Attendance numbers for the 2 public Tx3 iterations held to date. Attendance is presented by maximum attendees per session together with their respective institutions and categorized by those from colleges and universities and whether those institutions are minority serving together with other institutions including medical schools, hospitals and healthcare systems, government agencies, etc.
Discussion
Challenges and lessons learned
Developing a virtual bioinformatics training series for a broad audience creates both opportunities and challenges. Here, we address 2 challenges we identified and resolved, so that other programs interested in similar efforts could start from an awareness of these issues.
Addressing a broad range of learners through unstructured tutorials and peer training
Participants in the All of Us Tx3 Series have a range of expertise from significant experience in computer programming and data analysis (and thus mainly just needed All of Us Researcher Workbench training) to data science and computer programming novices (often similarly needing All of Us Researcher Workbench training). Traditionally, this is resolved through stratifying training modules into “beginner” or “advanced” topics. However, that increases the overhead to offer training and reduces the availability for each type of participant. We sought to overcome this through unstructured tutorial time, informally called “Workbench Wednesdays,” which are 2-hour virtual “drop-in help desk” sessions. Participants bring questions ranging from technical coding approaches to research project design questions such as identifying specific rare disease variants in the All of Us dataset. Participants share questions, are paired with All of Us instructors, and split into 1 to 5 Zoom breakout rooms for focused assistance. Many attendees returned for multiple weeks as they developed projects and competence in the Researcher Workbench. Beginners could get extra help in these sessions, while advanced learners could progress and even help others. The small-group sessions were anecdotally highly valuable.

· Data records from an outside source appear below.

lemma sign_moment_rcoef_ribbon:
  assumes "is_composition \<alpha>" "odd (sum_list \<alpha>)"
  shows "sign_moment (sum_list \<alpha>) (rcoef (ribbon \<alpha>)) = 2 * (-1) ^ (length \<alpha> - 1)"
proof -
  have "sign_moment (sum_list \<alpha>) (rcoef (ribbon \<alpha>))
      = - (\<Sum>v<4. corner_moment_sum (ribbon_shift 0 \<alpha>) (top_right 0 \<alpha>) v)"
    using sign_moment_rcoef[OF finite_ribbon_shift] card_ribbon_shift[OF assms(1)]
    by (simp add: ribbon_eq_ribbon_shift)
  then show ?thesis
    using transfer_state_ribbon_shift[OF assms(1), of 0] assms(2)
    unfolding transfer_state_def sum_lessThan_4 by auto
qed

text \<open>The hypothesis \<open>\<not> in_frakB (ribbon \<alpha>)\<close> is implied by the others: the members of
  \<open>Bset n\<close> with \<open>n\<close> odd have an odd number of rows.\<close>

theorem mainTheorem16:
  fixes \<alpha> :: "nat list"
  assumes "is_composition \<alpha>"
    and "odd (sum_list \<alpha>)"
    and "\<not> in_frakB (ribbon \<alpha>)"
    and "even (length \<alpha>)"
  shows "\<not> p_positive (sum_list \<alpha>) (rcoef (ribbon \<alpha>))"
proof
  assume "p_positive (sum_list \<alpha>) (rcoef (ribbon \<alpha>))"
  then have "0 \<le> sign_moment (sum_list \<alpha>) (rcoef (ribbon \<alpha>))"
    using sign_moment_nonneg_if_p_positive sign_moment_pcoef_nonneg assms(2) by blast
  moreover have "odd (length \<alpha> - 1)"
    using assms(1,4) by (cases \<alpha>) (auto simp: is_composition_def)
  ultimately show False
    using sign_moment_rcoef_ribbon[OF assms(1,2)] by simp
qed

end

We plan to explore the impact of these unstructured sessions in future iterations and develop surveys to gauge advanced participant interest in leading sessions.
Scaling class size and technical demonstrations
The All of Us Researcher Workbench is designed for team-science; however, there remain challenges when scaled to a large (50+) participant group of. Challenges we encountered centered around sharing Workbench workspaces with hundreds of registered participants, demonstration lag times (in starting Jupyter Notebook or saving/retrieving files), pacing of demonstrations with advanced and beginner learners, and accommodating All of Us data privacy by not showing row-level data during live demonstrations, even to our registered participants as we cannot control materials custody downstream. Ultimately, we developed several small “workarounds” such as pre-recorded video clips, pre-loading shared workspaces, and asking participants to sign-in and start their notebooks prior to the start of the session. The All of Us Data and Research Center1 developed an internal synthetic dataset that we intend to explore in further iterations but with the caveat that it does not contain genomic data.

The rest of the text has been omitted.